Entre nosotros, ya por entonces, sabíamos que aquella calidez era algo que se daba en todas las juventudes, las pasadas y las que estuvieran por venir, pero en su momento estábamos encaramados a la nuestra porque era la única de que disponíamos. Luego, aquellas noches intercambiables, sin particularidades, tan alegres o tan melancólicas, las iríamos mitificando y hubo quien llegó a convencerse, con el tiempo, de que cualquier tiempo pasado había sido mejor, aunque también hubiera sido una mierda.
Pasado el tiempo, en fin, no hace falta ponerse nostálgicos para llegar a la conclusión de que cualquier tiempo pasado fue más o menos el mismo, o al menos muy parecido salvo en los matices. El Madrid de los 80, por ejemplo. Un infierno como cualquier otro. Especialmente en agosto.

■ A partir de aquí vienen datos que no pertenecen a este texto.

lemma convex_on_has_derivative_above_tangent:
  fixes f :: "'a::real_normed_vector \<Rightarrow> real"
  assumes f: "convex_on UNIV f" and D: "(f has_derivative D) (at x)"
  shows "f x + D h \<le> f (x + h)"
proof -
  define g where "g = (\<lambda>s::real. f (x + s *\<^sub>R h))"
  have convex: "convex_on UNIV g"
  proof (rule convex_onI)
    fix a b t :: real assume t: "0 < t" "t < 1"
    have "x + ((1 - t) *\<^sub>R a + t *\<^sub>R b) *\<^sub>R h = (1 - t) *\<^sub>R (x + a *\<^sub>R h) + t *\<^sub>R (x + b *\<^sub>R h)"
      by (simp add: algebra_simps)
    then show "g ((1 - t) *\<^sub>R a + t *\<^sub>R b) \<le> (1 - t) * g a + t * g b"
      unfolding g_def using convex_onD[OF f, of t] t by simp
  qed simp
  have "((\<lambda>s. x + s *\<^sub>R h) has_derivative (\<lambda>s. s *\<^sub>R h)) (at 0)"
    by (auto intro!: derivative_eq_intros)
  moreover have "(f has_derivative D) (at (x + 0 *\<^sub>R h))" using D by simp
  ultimately have "(g has_derivative (\<lambda>s. D (s *\<^sub>R h))) (at 0)"
    unfolding g_def by (rule has_derivative_compose)
  moreover have "(\<lambda>s. D (s *\<^sub>R h)) = (*) (D h)"
    using D by (simp add: fun_eq_iff has_derivative_linear linear_scale)
  ultimately have "(g has_field_derivative D h) (at 0)"
    unfolding has_field_derivative_def by simp
  then have "g 1 - g 0 \<ge> D h * (1 - 0)"
    by (intro convex_on_imp_above_tangent[OF convex]) auto
  then show ?thesis unfolding g_def by simp
qed

lemma Fobj_finiteD:
  assumes Fy: "Fobj f blk Ps y < \<infinity>"
    and pcc: "\<And>i. proper_closed_convex_on (blkspace blk i) (Ps i)"
  obtains p where "\<And>i. Ps i (blkproj blk i y) = ereal (p i)"
    and "Fobj f blk Ps y = ereal (f y + sum p UNIV)"
proof -
  have "Ps i (blkproj blk i y) \<noteq> -\<infinity>" for i
    using pcc[of i] blkproj_in_blkspace[of blk i y] unfolding proper_closed_convex_on_def by blast
  moreover have "Ps i (blkproj blk i y) \<noteq> \<infinity>" for i
    using Fy sum_Pinfty[of "\<lambda>i. Ps i (blkproj blk i y)" UNIV] unfolding Fobj_def Psi_def by auto
  ultimately have fin: "Ps i (blkproj blk i y) = ereal (real_of_ereal (Ps i (blkproj blk i y)))" for i
    by (cases "Ps i (blkproj blk i y)") auto
  show ?thesis
  proof (rule that[OF fin])
    show "Fobj f blk Ps y = ereal (f y + (\<Sum>i\<in>UNIV. real_of_ereal (Ps i (blkproj blk i y))))"
      unfolding Fobj_def Psi_def by (subst fin) (simp add: sum_ereal)
  qed
qed

lemma Fobj_convex_combination:
  assumes f: "convex_on UNIV f"
    and pcc: "\<And>i. proper_closed_convex_on (blkspace blk i) (Ps i)"
    and Fx: "Fobj f blk Ps x = ereal a" and Fy: "Fobj f blk Ps y = ereal b"
    and u: "0 < u" "u \<le> 1"
  shows "Fobj f blk Ps ((1 - u) *\<^sub>R x + u *\<^sub>R y) \<le> ereal ((1 - u) * a + u * b)"
proof -
  obtain p where p: "\<And>i. Ps i (blkproj blk i x) = ereal (p i)" "a = f x + sum p UNIV"
    using Fobj_finiteD[OF _ pcc, of f x] Fx by auto
  obtain q where q: "\<And>i. Ps i (blkproj blk i y) = ereal (q i)" "b = f y + sum q UNIV"
    using Fobj_finiteD[OF _ pcc, of f y] Fy by auto
  let ?z = "(1 - u) *\<^sub>R x + u *\<^sub>R y"
  have "Ps i (blkproj blk i ?z) \<le> ereal ((1 - u) * p i + u * q i)" for i
  proof (cases "u = 1")
    case False
    have "blkproj blk i ?z = u *\<^sub>R blkproj blk i y + (1 - u) *\<^sub>R blkproj blk i x"
      by (simp add: blkproj_add blkproj_scaleR add.commute)
    moreover have "Ps i (u *\<^sub>R blkproj blk i y + (1 - u) *\<^sub>R blkproj blk i x)
        \<le> ereal u * Ps i (blkproj blk i y) + ereal (1 - u) * Ps i (blkproj blk i x)"
      using pcc[of i] blkproj_in_blkspace[of blk i] u False unfolding proper_closed_convex_on_def by simp
    ultimately show ?thesis using p(1) q(1) by (simp add: add.commute)
  qed (simp add: q(1))
  then have "Psi blk Ps ?z \<le> (\<Sum>i\<in>UNIV. ereal ((1 - u) * p i + u * q i))"
    unfolding Psi_def by (rule sum_mono)
  moreover have "f ?z \<le> (1 - u) * f x + u * f y"
    using u by (intro convex_onD[OF f]) auto
  ultimately have "Fobj f blk Ps ?z
      \<le> ereal ((1 - u) * f x + u * f y) + (\<Sum>i\<in>UNIV. ereal ((1 - u) * p i + u * q i))"
    unfolding Fobj_def by (intro add_mono) simp_all
  also have "\<dots> = ereal ((1 - u) * f x + u * f y + ((1 - u) * sum p UNIV + u * sum q UNIV))"
    by (simp add: sum_ereal sum.distrib sum_distrib_left)
  also have "\<dots> = ereal ((1 - u) * a + u * b)"
    by (simp add: p(2) q(2) algebra_simps)
  finally show ?thesis .
qed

En el Madrid de los 80 había quien creía que el futuro había llegado para quedarse, y por eso en ‘La Luna de Madrid’ se hablaba tanto de posmodernidad, por pensarse un poco en otra parte, en un lugar nuevo, aunque la posmodernidad fuera no más que bajar las persianas. Esto lo hemos sabido luego.

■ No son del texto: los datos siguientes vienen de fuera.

(* The map $\Phi:\mathcal{C}\to\bar{\mathbf K}$, $C\mapsto K_C$, is a bijection, and its inverse is given by $\Phi^{-1}(K)=C_K$ for all $K\in\bar{\mathbf K}$.
   Context: Let $\mathcal{X}$ be a nonempty set and let $\mathscr{V}$ be the real vector space of all functions $u:\mathcal{X}\to\mathbb{R}$ (options), with pointwise operations. For $u,v\in\mathscr{V}$, $u\le v$ iff $u(x)\le v(x)$ for all $x\in\mathcal{X}$, and $u<v$ iff $u\le v$ and $u\neq v$. Let $\mathscr{V}_{>0}=\{u\in\mathscr{V}:0<u\}$ and $\mathscr{V}^s_{>0}=\{\{u\}:u\in\mathscr{V}_{>0}\}$. Let $\mathscr{Q}$ be the set of all finite subsets of $\mathscr{V}$ (including $\emptyset$). For $A\in\mathscr{Q}$ and $u\in\mathscr{V}$, $A-u=\{v-u:v\in A\}$. For a positive integer $n$, $\mathbb{R}^{n,+}=\{\boldsymbol\lambda\in\mathbb{R}^n:\lambda_j\ge0\ \forall j,\ \sum_j\lambda_j>0\}$, and for $\boldsymbol\lambda\in\mathbb{R}^n$, $\mathbf u=(u_1,\dots,u_n)\in\mathscr{V}^n$, $\boldsymbol\lambda\mathbf u=\sum_{j=1}^n\lambda_ju_j$. A choice function is a map $C:\mathscr{Q}\to\mathscr{Q}$ with $C(A)\subseteq A$ for all $A$; its rejection function is $R_C(A)=A\setminus C(A)$, and $K_C=\{A\in\mathscr{Q}:0\notin C(A\cup\{0\})\}$. $C$ is coherent if: (C0) $C(A)\neq\emptyset$ for all nonempty $A\in\mathscr{Q}$; (C1) for all $A\in\mathscr{Q}$ and $u\in A$: $u\in C(A)\iff 0\in C(A-u)$; (C2) $\{u\}\in K_C$ for all $u\in\mathscr{V}_{>0}$; (C3) for all $A,B\in K_C$ and all maps $\boldsymbol\lambda:A\times B\to\mathbb{R}^{2,+}$, $\{\boldsymbol\lambda(\mathbf u)\mathbf u:\mathbf u\in A\times B\}\in K_C$; (C4) $A\subseteq B\Rightarrow R_C(A)\subseteq R_C(B)$ for all $A,B\in\mathscr{Q}$. $\mathcal{C}$ denotes the set of coherent choice functions. A set of desirable option sets is any $K\subseteq\mathscr{Q}$. It is coherent if for all $A,B\in K$: (K0) $A\setminus\{0\}\in K$; (K1) $\{0\}\notin K$; (K2) $\mathscr{V}^s_{>0}\subseteq K$; (K3) $\{\boldsymbol\lambda(\mathbf u)\mathbf u:\mathbf u\in A\times B\}\in K$ for every map $\boldsymbol\lambda:A\times B\to\mathbb{R}^{2,+}$; (K4) $A\cup Q\in K$ for all $Q\in\mathscr{Q}$. $\bar{\mathbf K}$ denotes the set of coherent sets of desirable option sets. For $K\subseteq\mathscr{Q}$, the choice function $C_K$ is defined by $C_K(A)=\{u\in A:(A-u)\setminus\{0\}\notin K\}$ for all $A\in\mathscr{Q}$. *)

theory Defs
  imports Complex_Main
begin

type_synonym 'x opt = "'x \<Rightarrow> real"

definition zopt :: "'x opt" where "zopt = (\<lambda>x. 0)"

definition Qsets :: "'x opt set set" where
  "Qsets = {A. finite A}"

definition Vpos :: "'x opt set" where
  "Vpos = {u. (\<forall>x. 0 \<le> u x) \<and> u \<noteq> zopt}"

definition Vpos_s :: "'x opt set set" where
  "Vpos_s = {{u} | u. u \<in> Vpos}"

definition R2plus :: "(real \<times> real) set" where
  "R2plus = {(a, b). a \<ge> 0 \<and> b \<ge> 0 \<and> a + b > 0}"

definition shift :: "'x opt set \<Rightarrow> 'x opt \<Rightarrow> 'x opt set" where
  "shift A u = (\<lambda>v. (\<lambda>x. v x - u x)) ` A"

definition comb :: "'x opt set \<Rightarrow> 'x opt set \<Rightarrow> ('x opt \<times> 'x opt \<Rightarrow> real \<times> real) \<Rightarrow> 'x opt set" where
  "comb A B lam = {(\<lambda>x. fst (lam p) * fst p x + snd (lam p) * snd p x) | p. p \<in> A \<times> B}"

text \<open>Choice functions are maps Q \<rightarrow> Q; represented as functions on all option sets
  that are fixed to be empty outside Q (so that they are determined by their values on Q).\<close>
definition choice_fun :: "('x opt set \<Rightarrow> 'x opt set) \<Rightarrow> bool" where
  "choice_fun C \<longleftrightarrow> (\<forall>A \<in> Qsets. C A \<subseteq> A) \<and> (\<forall>A. A \<notin> Qsets \<longrightarrow> C A = {})"

definition rej :: "('x opt set \<Rightarrow> 'x opt set) \<Rightarrow> 'x opt set \<Rightarrow> 'x opt set" where
  "rej C A = A - C A"

definition K_of :: "('x opt set \<Rightarrow> 'x opt set) \<Rightarrow> 'x opt set set" where
  "K_of C = {A \<in> Qsets. zopt \<notin> C (A \<union> {zopt})}"

definition coherent_choice :: "('x opt set \<Rightarrow> 'x opt set) \<Rightarrow> bool" where
  "coherent_choice C \<longleftrightarrow> choice_fun C
    \<and> (\<forall>A \<in> Qsets. A \<noteq> {} \<longrightarrow> C A \<noteq> {})
    \<and> (\<forall>A \<in> Qsets. \<forall>u \<in> A. u \<in> C A \<longleftrightarrow> zopt \<in> C (shift A u))
    \<and> (\<forall>u \<in> Vpos. {u} \<in> K_of C)
    \<and> (\<forall>A \<in> K_of C. \<forall>B \<in> K_of C. \<forall>lam. (\<forall>p \<in> A \<times> B. lam p \<in> R2plus)
           \<longrightarrow> comb A B lam \<in> K_of C)
    \<and> (\<forall>A \<in> Qsets. \<forall>B \<in> Qsets. A \<subseteq> B \<longrightarrow> rej C A \<subseteq> rej C B)"

definition CohC :: "('x opt set \<Rightarrow> 'x opt set) set" where
  "CohC = {C. coherent_choice C}"

definition coherent_K :: "'x opt set set \<Rightarrow> bool" where
  "coherent_K K \<longleftrightarrow> K \<subseteq> Qsets
    \<and> (\<forall>A \<in> K. A - {zopt} \<in> K)
    \<and> {zopt} \<notin> K
    \<and> Vpos_s \<subseteq> K
    \<and> (\<forall>A \<in> K. \<forall>B \<in> K. \<forall>lam. (\<forall>p \<in> A \<times> B. lam p \<in> R2plus) \<longrightarrow> comb A B lam \<in> K)
    \<and> (\<forall>A \<in> K. \<forall>Q \<in> Qsets. A \<union> Q \<in> K)"

definition CohK :: "'x opt set set set" where
  "CohK = {K. coherent_K K}"

definition C_of :: "'x opt set set \<Rightarrow> 'x opt set \<Rightarrow> 'x opt set" where
  "C_of K A = (if A \<in> Qsets then {u \<in> A. shift A u - {zopt} \<notin> K} else {})"

end

theory Submission
  imports Defs
begin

‘La Luna de Madrid’ fue una revista de Madrid para Madrid. Atravesó los 80 con andares de pasarela y todo el mundo quiso figurar en sus páginas, porque al fin y al cabo todo el mundo quería estar allí, en el Madrid de entonces, y por eso tuvo su eco tal vez en provincias y por eso mismo, también, se la recuerda poco en Barcelona, porque en Barcelona la sensación habitual era que Madrid iba cuando Barcelona volvía. Barcelona ha estado siempre de vuelta de todo, es otro tema.

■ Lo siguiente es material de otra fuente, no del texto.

lemma sum_pair_mass_le:
  assumes "finite F"
  shows "(\<Sum>j\<in>F. pair_mass t j) \<le> 2"
proof -
  have "(\<Sum>j\<in>F. (norm (schr_kernel t (j + 1)))\<^sup>2) = (\<Sum>j\<in>(\<lambda>j. j + 1) ` F. (norm (schr_kernel t j))\<^sup>2)"
    by (simp add: sum.reindex)
  then show ?thesis
    using sum_norm_schr_kernel_sq_le[of F t] sum_norm_schr_kernel_sq_le[of "(\<lambda>j. j + 1) ` F" t] assms
    by (simp add: pair_mass_def sum.distrib)
qed

lemma abs_energy_diff_le:
  assumes "0 < t"
  shows "\<bar>energy t k - energy t j\<bar> \<le> 1 / t"
proof -
  have ordered: "\<bar>energy t k - energy t j\<bar> \<le> 1 / t" if "j \<le> k" for j k
  proof -
    have "energy t k - energy t j = (\<Sum>i\<in>{j..<k}. Im (schr_kernel t i * cnj (schr_kernel t (i + 1))) / t)"
      using assms by (simp add: energy_succ flip: sum_int_telescope[OF that])
    also have "\<bar>\<dots>\<bar> \<le> (\<Sum>i\<in>{j..<k}. pair_mass t i / (2 * t))"
    proof (intro order_trans[OF sum_abs] sum_mono)
      fix i
      show "\<bar>Im (schr_kernel t i * cnj (schr_kernel t (i + 1))) / t\<bar> \<le> pair_mass t i / (2 * t)"
        using divide_right_mono[OF abs_Im_mult_cnj_le, of t] assms
        by (simp add: pair_mass_def abs_divide)
    qed
    also have "\<dots> \<le> 2 / (2 * t)"
      unfolding sum_divide_distrib[symmetric] using assms sum_pair_mass_le[of "{j..<k}" t]
      by (intro divide_right_mono) simp_all
    finally show ?thesis
      by simp
  qed
  show ?thesis
    using ordered[of j k] ordered[of k j] by (cases "j \<le> k") (simp_all add: abs_minus_commute)
qed

lemma abs_div_le_of_bulk:
  assumes "0 < t" "\<bar>j\<bar> \<le> bulk_radius t"
  shows "\<bar>of_int j\<bar> / (2 * t) \<le> 63 / 64"
proof -
  have "\<bar>real_of_int j\<bar> \<le> 63 * t / 32"
    using assms(2) unfolding bulk_radius_def by linarith
  then show ?thesis
    using assms(1) by (simp add: divide_le_eq)
qed

lemma pair_mass_le_energy:
  assumes "0 < t" "\<bar>j\<bar> \<le> bulk_radius t"
  shows "pair_mass t j \<le> 64 * energy t j"
proof -
  have "\<bar>of_int j\<bar> / (2 * t) * pair_mass t j \<le> 63 / 64 * pair_mass t j"
    by (rule mult_right_mono[OF abs_div_le_of_bulk[OF assms]]) (simp add: pair_mass_def)
  then show ?thesis
    using abs_energy_sub_pair_mass_le[OF assms(1), of j] by linarith
qed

El influjo de ‘La Luna…’ suele magnificarse en las crónicas, y su legado 40 años después es modesto, apenas las memorias desopilantes de Patty Diphusa que firmaba Almodóvar y, desde hace unos años, este “Manuel” (cielo eléctrico, 2021), tebeo encumbrado a obra de culto precisamente porque nadie que no viviera en Madrid en los 80 lo recordaba, en parte porque apareció seriado en aquella revista que no era una revista de cómics sino un desgobierno, un cajón de sastre donde cabía cualquier manifestación cultural y lúdica y por supuestísimo posmoderna que pudiera operar como nutriente de identidad, como savia común de aquel tiempo pasado que fue lo que pudo, lo que se le permitió ser.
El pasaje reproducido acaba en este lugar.